Cilliers, P. (1998) Complexity and postmodernism: understanding complex systems, London:
Routledge.
Dewey, J. (1929) Experience and nature, New York: Dover Publications.
Eve, R.A., Horsfall, S. and Lee, M.E. (1997) Chaos, complexity and sociology: myths, models
and theories, Thousand Oaks, CA: Sage Publications.
Foucault, M. (1980) ‘The confession of the flesh’, in C. Gordon (ed.) Power/knowledge: selected
interviews and other writings, 1972–1977, New York: Pantheon, pp. 194–228.
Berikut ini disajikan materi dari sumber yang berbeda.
lemma steiner_dist_le:
  "V' \<subseteq> V \<Longrightarrow> E' \<subseteq> E \<Longrightarrow> graph V' E' \<Longrightarrow> connected_graph V' E' \<Longrightarrow> S \<subseteq> V'
   \<Longrightarrow> steiner_dist V E S \<le> card E'"
  unfolding steiner_dist_def by (rule Least_le) blast

lemma steiner_dist_attained:
  assumes "graph V E" "connected_graph V E" "S \<subseteq> V"
  obtains V' E' where "V' \<subseteq> V" "E' \<subseteq> E" "graph V' E'" "connected_graph V' E'" "S \<subseteq> V'"
    "card E' = steiner_dist V E S"
proof -
  have "\<exists>m V' E'. V' \<subseteq> V \<and> E' \<subseteq> E \<and> graph V' E' \<and> connected_graph V' E' \<and> S \<subseteq> V'
      \<and> card E' = m"
    using assms by blast
  from LeastI_ex[OF this] show ?thesis using that unfolding steiner_dist_def by blast
qed

lemma card_le_Suc_steiner_dist:
  assumes "graph V E" "connected_graph V E" "S \<subseteq> V"
  shows "card S \<le> Suc (steiner_dist V E S)"
proof -
  obtain V' E' where H: "graph V' E'" "connected_graph V' E'" "S \<subseteq> V'"
    "card E' = steiner_dist V E S"
    using steiner_dist_attained[OF assms] by metis
  have "finite V'" using H(1) unfolding graph_def by blast
  then have "card S \<le> card V'" using H(3) card_mono by blast
  also have "\<dots> \<le> Suc (card E')"
    using connected_graph_card_le_Suc_card_edges[OF \<open>finite V'\<close> H(2) graph_finite_edges[OF H(1)]] .
  finally show ?thesis using H(4) by simp
qed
Haken, H. (1977) Synergetics – an introduction, Springer Series of Synergetics, 1, Berlin:
Springer.
–––– (1990) ‘Synergetics as a tool for the conceptualization and mathematization of cognition
and behaviour – how far can we go?’, in H. Haken and M. Stadler (eds) Synergetics of
cognition, Berlin: Springer, pp. 2–31.
Hobson, J.A. (1996, reprint of the 1902 edition) The social problem (Introduction by James
Meadowcroft), Bristol: Thoemmes Press.
Kauffman, S.A. (1993) The origins of order: self-organisation and selection in evolution, New
York: Oxford University Press.
–––– (1995) At home in the universe; the search for laws of complexity, London: Viking Press.

16
Keynes, J.M. (1937) ‘The general theory of employment’, Quarterly Journal of Economics 51(2)
February.
–––– (1953, originally 1936) The general theory of employment, interest and money, San Diego,
CA: Harcourt, Brace Javanovich Publishers.
Long, D. (1996) Towards a new liberal internationalism: the international theory of J.A.
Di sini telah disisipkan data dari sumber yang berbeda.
(* Let $(x_k)_{k\ge0}$ be an arbitrary sequence of numbers (or indeterminates), define $a_n=x_n$ if $n=2^k-1$ for some integer $k\ge0$ and $a_n=0$ otherwise, and let $d(n)=\det\left(a_{i+j}\right)_{i,j=0}^{n-1}$ with $d(0)=1$. Then $d(0)=1$, $d(1)=x_0$, $d(2)=-x_1^2$, and for all integers $k,n$ with $1<2^{k-1}<n\le 2^k$, $$d(n)=(-1)^n x_{2^k-1}^{2n-2^k}\,d(2^k-n).$$ *)

theory Defs
  imports "Jordan_Normal_Form.Determinant"
begin

definition hseq :: "(nat \<Rightarrow> 'a::comm_ring_1) \<Rightarrow> nat \<Rightarrow> 'a" where
  "hseq x m = (if \<exists>k::nat. m = 2 ^ k - 1 then x m else 0)"

definition hdet :: "(nat \<Rightarrow> 'a::comm_ring_1) \<Rightarrow> nat \<Rightarrow> 'a" where
  "hdet x n = det (mat n n (\<lambda>(i, j). hseq x (i + j)))"

end

theory Submission
  imports Defs
begin

text \<open>The sequence a vanishes on [2^(k-1), 2^(k+1) - 2] except for a_{2^k - 1}. So for
  2^(k-1) < n \<le> 2^k the order-n Hankel matrix is zero in the region i + j \<ge> 2^(k-1) off the
  antidiagonal i + j = 2^k - 1. In the Leibniz expansion every nonvanishing term then maps each
  row i \<ge> m = 2^k - n to the column 2^k - 1 - i, i.e. its permutation is a permutation of
  {0..<m} composed with the reversal of {m..<n}. The reversal has sign (-1)^((n - m) div 2) = (-1)^n,
  and what remains is x_{2^k - 1}^(n - m) times the Hankel determinant of order m.\<close>

definition rev_interval :: "nat \<Rightarrow> nat \<Rightarrow> nat \<Rightarrow> nat" where
  "rev_interval a b i = (if a \<le> i \<and> i < b then a + b - 1 - i else i)"

lemma rev_interval_involution: "rev_interval a b (rev_interval a b i) = i"
  by (auto simp: rev_interval_def)

lemma rev_interval_permutes: "rev_interval a b permutes {a..<b}"
  unfolding permutes_def
  by (metis rev_interval_involution rev_interval_def atLeastLessThan_iff)

lemma sign_rev_interval: "sign (rev_interval a b) = (-1) ^ ((b - a) div 2)"
proof (induction "b - a" arbitrary: a b rule: less_induct)
  case less
  show ?case
  proof (cases "b \<le> a + 1")
    case True
    then have "rev_interval a b = id" by (auto simp: rev_interval_def fun_eq_iff)
    with True show ?thesis by (simp add: sign_id)
  next
    case False
    have decompose: "rev_interval a b = Transposition.transpose a (b - 1) \<circ> rev_interval (a + 1) (b - 1)"
      using False by (auto simp: rev_interval_def transpose_def fun_eq_iff)
    have "sign (rev_interval a b) = sign (Transposition.transpose a (b - 1)) * sign (rev_interval (a + 1) (b - 1))"
      unfolding decompose
      by (rule sign_compose) (auto intro: permutation_swap_id permutes_imp_permutation rev_interval_permutes)
    also have "\<dots> = - ((-1) ^ ((b - 1 - (a + 1)) div 2))"
      using False less[of "b - 1" "a + 1"] by (simp add: sign_swap_id)
    also have "\<dots> = (-1) ^ ((b - a) div 2)"
    proof -
      have "(b - a) div 2 = Suc ((b - 1 - (a + 1)) div 2)" using False by simp
      then show ?thesis by simp
    qed
    finally show ?thesis .
  qed
qed

lemma hseq_eq_0_between_powers:
  assumes "2 ^ k \<le> t" "t < 2 ^ (k + 2) - 1" "t \<noteq> 2 ^ (k + 1) - 1"
  shows "hseq x t = 0"
proof -
  have "t \<noteq> 2 ^ i - 1" for i
  proof
    assume t: "t = 2 ^ i - 1"
    have "(1::nat) \<le> 2 ^ i" by simp
    then have "(2::nat) ^ k < 2 ^ i" "(2::nat) ^ i < 2 ^ (k + 2)"
      using assms(1,2) t by linarith+
    then have "k < i" "i < k + 2"
      by (auto intro: power_less_imp_less_exp[of "2::nat"])
    then have "i = k + 1" by simp
    with assms(3) t show False by simp
  qed
  then show ?thesis by (simp add: hseq_def)
qed

lemma permutes_compose_rev_interval:
  assumes p: "p permutes {0..<n}" and rev: "\<And>i. m \<le> i \<Longrightarrow> i < n \<Longrightarrow> p i = rev_interval m n i"
  shows "p \<circ> rev_interval m n permutes {0..<m}"
proof (rule permutes_superset)
  have "rev_interval m n permutes {0..<n}"
    by (rule permutes_subset[OF rev_interval_permutes]) auto
  then show "p \<circ> rev_interval m n permutes {0..<n}"
    by (rule permutes_compose[OF _ p])
  show "(p \<circ> rev_interval m n) i = i" if "i \<in> {0..<n} - {0..<m}" for i
    using that rev[of "rev_interval m n i"] rev_interval_involution[of m n i]
    by (auto simp: rev_interval_def)
qed

lemma prod_compose_rev_interval:
  fixes f :: "nat \<Rightarrow> nat \<Rightarrow> 'a::comm_monoid_mult"
  assumes q: "q permutes {0..<m}" and "m \<le> n"
  shows "(\<Prod>i = 0..<n. f i ((q \<circ> rev_interval m n) i))
    = (\<Prod>i = 0..<m. f i (q i)) * (\<Prod>i = m..<n. f i (n + m - 1 - i))"
proof -
  have "(\<Prod>i = 0..<m. f i ((q \<circ> rev_interval m n) i)) = (\<Prod>i = 0..<m. f i (q i))"
    by (rule prod.cong) (auto simp: rev_interval_def)
  moreover have "(\<Prod>i = m..<n. f i ((q \<circ> rev_interval m n) i)) = (\<Prod>i = m..<n. f i (n + m - 1 - i))"
    by (rule prod.cong) (auto simp: rev_interval_def permutes_not_in[OF q] add.commute)
  ultimately show ?thesis
    using prod.atLeastLessThan_concat[of 0 m n "\<lambda>i. f i ((q \<circ> rev_interval m n) i)"] \<open>m \<le> n\<close>
    by simp
qed

lemma permutation_term_forced_antidiagonal:
  fixes A :: "'a::comm_ring_1 mat"
  assumes "m \<le> h" "2 * h \<le> n + m"
    and zero: "\<And>i j. i < n \<Longrightarrow> j < n \<Longrightarrow> h \<le> i + j \<Longrightarrow> i + j \<noteq> n + m - 1 \<Longrightarrow> A $$ (i, j) = 0"
    and p: "p permutes {0..<n}" and nonzero: "(\<Prod>i = 0..<n. A $$ (i, p i)) \<noteq> 0"
    and i: "m \<le> i" "i < n"
  shows "p i = rev_interval m n i"
proof -
  have p_lt: "p j < n" if "j < n" for j
    using permutes_in_image[OF p] that by simp
  have on_antidiagonal: "j + p j = n + m - 1" if j: "j < n" "h \<le> j + p j" for j
  proof (rule ccontr)
    assume "j + p j \<noteq> n + m - 1"
    then have "A $$ (j, p j) = 0" using zero j p_lt by blast
    then have "(\<Prod>i = 0..<n. A $$ (i, p i)) = 0" using j(1) by (intro prod_zero) auto
    with nonzero show False by simp
  qed
  show ?thesis
  proof (cases "h \<le> i")
    case True
    with on_antidiagonal[of i] i show ?thesis by (simp add: rev_interval_def)
  next
    case False
    define j where "j = n + m - 1 - i"
    have j: "h \<le> j" "j < n" using False i assms(1,2) by (auto simp: j_def)
    then have "j \<in> p ` {0..<n}" using permutes_image[OF p] by simp
    then obtain i' where i': "i' < n" "p i' = j" by auto
    with on_antidiagonal[of i'] j have "i' + j = n + m - 1" by simp
    then have "i' = i" using i unfolding j_def by linarith
    with i' i show ?thesis by (simp add: rev_interval_def j_def)
  qed
qed

lemma det_antidiagonal_split:
  fixes A :: "'a::comm_ring_1 mat"
  assumes A: "A \<in> carrier_mat n n" and "m \<le> h" "2 * h \<le> n + m"
    and zero: "\<And>i j. i < n \<Longrightarrow> j < n \<Longrightarrow> h \<le> i + j \<Longrightarrow> i + j \<noteq> n + m - 1 \<Longrightarrow> A $$ (i, j) = 0"
  shows "det A = (-1) ^ ((n - m) div 2) * (\<Prod>i = m..<n. A $$ (i, n + m - 1 - i))
    * det (mat m m (\<lambda>(i, j). A $$ (i, j)))"
proof -
  define r where "r = rev_interval m n"
  define c :: 'a where "c = (-1) ^ ((n - m) div 2) * (\<Prod>i = m..<n. A $$ (i, n + m - 1 - i))"
  define t where "t p = signof p * (\<Prod>i = 0..<n. A $$ (i, p i))" for p
  define P where "P k = {p. p permutes {0..<k}}" for k :: nat
  have "m \<le> n" using assms(2,3) by linarith
  have r: "r permutes {0..<n}"
    unfolding r_def by (rule permutes_subset[OF rev_interval_permutes]) auto
  have rr: "q \<circ> r \<circ> r = q" for q :: "nat \<Rightarrow> nat"
    by (simp add: fun_eq_iff r_def rev_interval_involution)
  have image_P: "(\<lambda>q. q \<circ> r) ` P m \<subseteq> P n"
    using \<open>m \<le> n\<close> by (auto simp: P_def intro!: permutes_compose[OF r] permutes_subset[of _ "{0..<m}"])
  have vanish: "t p = 0" if "p \<in> P n - (\<lambda>q. q \<circ> r) ` P m" for p
  proof (rule ccontr)
    assume "t p \<noteq> 0"
    then have "(\<Prod>i = 0..<n. A $$ (i, p i)) \<noteq> 0" by (auto simp: t_def)
    with that assms(2-4) have "p \<circ> r \<in> P m"
      unfolding P_def r_def
      by (auto intro!: permutes_compose_rev_interval permutation_term_forced_antidiagonal)
    then have "p \<in> (\<lambda>q. q \<circ> r) ` P m" by (metis rr image_eqI)
    with that show False by simp
  qed
  have t_compose: "t (q \<circ> r) = c * (signof q * (\<Prod>i = 0..<m. A $$ (i, q i)))" if "q \<in> P m" for q
  proof -
    have q: "q permutes {0..<m}" using that by (simp add: P_def)
    have "sign (q \<circ> r) = sign q * sign r"
      using q r by (intro sign_compose) (auto intro: permutes_imp_permutation)
    then show ?thesis
      using prod_compose_rev_interval[OF q \<open>m \<le> n\<close>, of "\<lambda>i j. A $$ (i, j)"]
      by (simp add: t_def c_def r_def sign_rev_interval ac_simps)
  qed
  have "det A = sum t (P n)" unfolding t_def P_def by (rule det_def'[OF A])
  also have "\<dots> = sum t ((\<lambda>q. q \<circ> r) ` P m)"
    using image_P vanish by (intro sum.mono_neutral_right) (auto simp: P_def finite_permutations)
  also have "\<dots> = sum (\<lambda>q. t (q \<circ> r)) (P m)"
    by (rule sum.reindex_cong[OF inj_on_inverseI[where g = "\<lambda>q. q \<circ> r"]]) (simp_all add: rr)
  also have "\<dots> = c * det (mat m m (\<lambda>(i, j). A $$ (i, j)))"
    by (simp add: det_def'[of _ m] P_def sum_distrib_left t_compose)
  finally show ?thesis by (simp add: c_def)
qed

lemma hseq_mersenne: "hseq x (2 ^ k - 1) = x (2 ^ k - 1)"
  by (auto simp: hseq_def)

lemma hdet_antidiagonal_reduction:
  assumes "m \<le> h" "2 * h \<le> n + m"
    and gap: "\<And>t. h \<le> t \<Longrightarrow> t \<le> 2 * n - 2 \<Longrightarrow> t \<noteq> n + m - 1 \<Longrightarrow> hseq x t = 0"
  shows "hdet x n = (-1) ^ ((n - m) div 2) * hseq x (n + m - 1) ^ (n - m) * hdet x m"
proof -
  let ?A = "mat n n (\<lambda>(i, j). hseq x (i + j))"
  have "m \<le> n" using assms(1,2) by linarith
  have "hdet x n = (-1) ^ ((n - m) div 2) * (\<Prod>i = m..<n. ?A $$ (i, n + m - 1 - i))
      * det (mat m m (\<lambda>(i, j). ?A $$ (i, j)))"
    unfolding hdet_def by (rule det_antidiagonal_split) (use assms in auto)
  also have "(\<Prod>i = m..<n. ?A $$ (i, n + m - 1 - i)) = hseq x (n + m - 1) ^ (n - m)"
    by (subst prod.cong[OF refl, where h = "\<lambda>_. hseq x (n + m - 1)"]) auto
  also have "mat m m (\<lambda>(i, j). ?A $$ (i, j)) = mat m m (\<lambda>(i, j). hseq x (i + j))"
    using \<open>m \<le> n\<close> by (intro eq_matI) auto
  finally show ?thesis by (simp add: hdet_def)
qed

lemma hdet_power_of_two_reduction:
  assumes "1 \<le> j" "2 ^ j < n" "n \<le> 2 ^ (j + 1)"
  shows "hdet x n = (-1) ^ n * x (2 ^ (j + 1) - 1) ^ (2 * n - 2 ^ (j + 1)) * hdet x (2 ^ (j + 1) - n)"
proof -
  define H :: nat where "H = 2 ^ j"
  have H: "2 ^ (j + 1) = 2 * H" "H < n" "n \<le> 2 * H" "even H"
    using assms by (auto simp: H_def)
  have gap: "hseq x t = 0" if "H \<le> t" "t \<le> 2 * n - 2" "t \<noteq> n + (2 * H - n) - 1" for t
    using that H hseq_eq_0_between_powers[of j t x] by (simp add: H_def)
  have "hdet x n = (-1) ^ ((n - (2 * H - n)) div 2) * hseq x (n + (2 * H - n) - 1) ^ (n - (2 * H - n))
      * hdet x (2 * H - n)"
    using H gap by (intro hdet_antidiagonal_reduction[where h = H]) auto
  also have "(-1) ^ ((n - (2 * H - n)) div 2) = ((-1) ^ n :: 'a)"
  proof -
    have "(n - (2 * H - n)) div 2 + H = n" using H by auto
    then show ?thesis using \<open>even H\<close> by (metis power_add neg_one_even_power mult_1_right)
  qed
  finally show ?thesis
    using H hseq_mersenne[of x "j + 1"] by (simp add: algebra_simps mult_2_right)
qed

theorem theorem4p5:
  fixes x :: "nat \<Rightarrow> 'a::comm_ring_1"
  shows "hdet x 0 = 1 \<and> hdet x 1 = x 0 \<and> hdet x 2 = - (x 1 ^ 2) \<and>
    (\<forall>k n. 1 < (2::nat) ^ (k - 1) \<and> 2 ^ (k - 1) < n \<and> n \<le> 2 ^ k \<longrightarrow>
       hdet x n = (-1) ^ n * x (2 ^ k - 1) ^ (2 * n - 2 ^ k) * hdet x (2 ^ k - n))"
proof (intro conjI allI impI)
  have x0: "hseq x 0 = x 0" and x1: "hseq x 1 = x 1"
    using hseq_mersenne[of x 0] hseq_mersenne[of x 1] by simp_all
  show d0: "hdet x 0 = 1"
    by (simp add: hdet_def)
  show "hdet x 1 = x 0"
    using hdet_antidiagonal_reduction[of 0 0 1 x] by (simp add: x0 d0)
  show "hdet x 2 = - (x 1 ^ 2)"
  proof -
    have "hseq x t = 0" if "1 \<le> t" "t \<le> 2" "t \<noteq> 1" for t
      using that hseq_eq_0_between_powers[of 1 t x] by simp
    then show ?thesis
      using hdet_antidiagonal_reduction[of 0 1 2 x] x1 by (simp add: d0 numeral_2_eq_2)
  qed
next
  fix k n :: nat
  assume "1 < (2::nat) ^ (k - 1) \<and> 2 ^ (k - 1) < n \<and> n \<le> 2 ^ k"
  moreover from this have "k = (k - 1) + 1" "1 \<le> k - 1"
    by (auto intro: ccontr)
  ultimately show "hdet x n = (-1) ^ n * x (2 ^ k - 1) ^ (2 * n - 2 ^ k) * hdet x (2 ^ k - n)"
    using hdet_power_of_two_reduction[of "k - 1" n x] by metis
qed

end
Hobson, Cambridge: Cambridge University Press.
Mackenzie, J.S. (2006, originally 1890) An introduction to social philosophy, New York: Elibron
Classics.
O’Driscoll, G.P. and Rizzo, M.J. (1985) The economics of time and ignorance, Oxford: Basil
Blackwell.
Pomian, K. (ed.) (1990) La querelle du determinisme. Philosophie de la science aujourd’hui,
Paris: Gallimard/ Le Debat.
Prigogine, I. (1980) From being to becoming, San Francisco, CA: W.H. Freeman & Company.
–––– (1994) Time, chaos and the laws of chaos, Moscow: Ed. Progress.
–––– (1997) The end of certainty: time, chaos and the new laws of nature, New York: The Free
Press.
–––– (2003) Is future given?, River Edge, NJ: World Scientific.
–––– and Nicolis, G. (1989) Exploring complexity, New York: W.H. Freeman.
–––– and Stengers, I. (1984) Order out of chaos, New York: Bantam.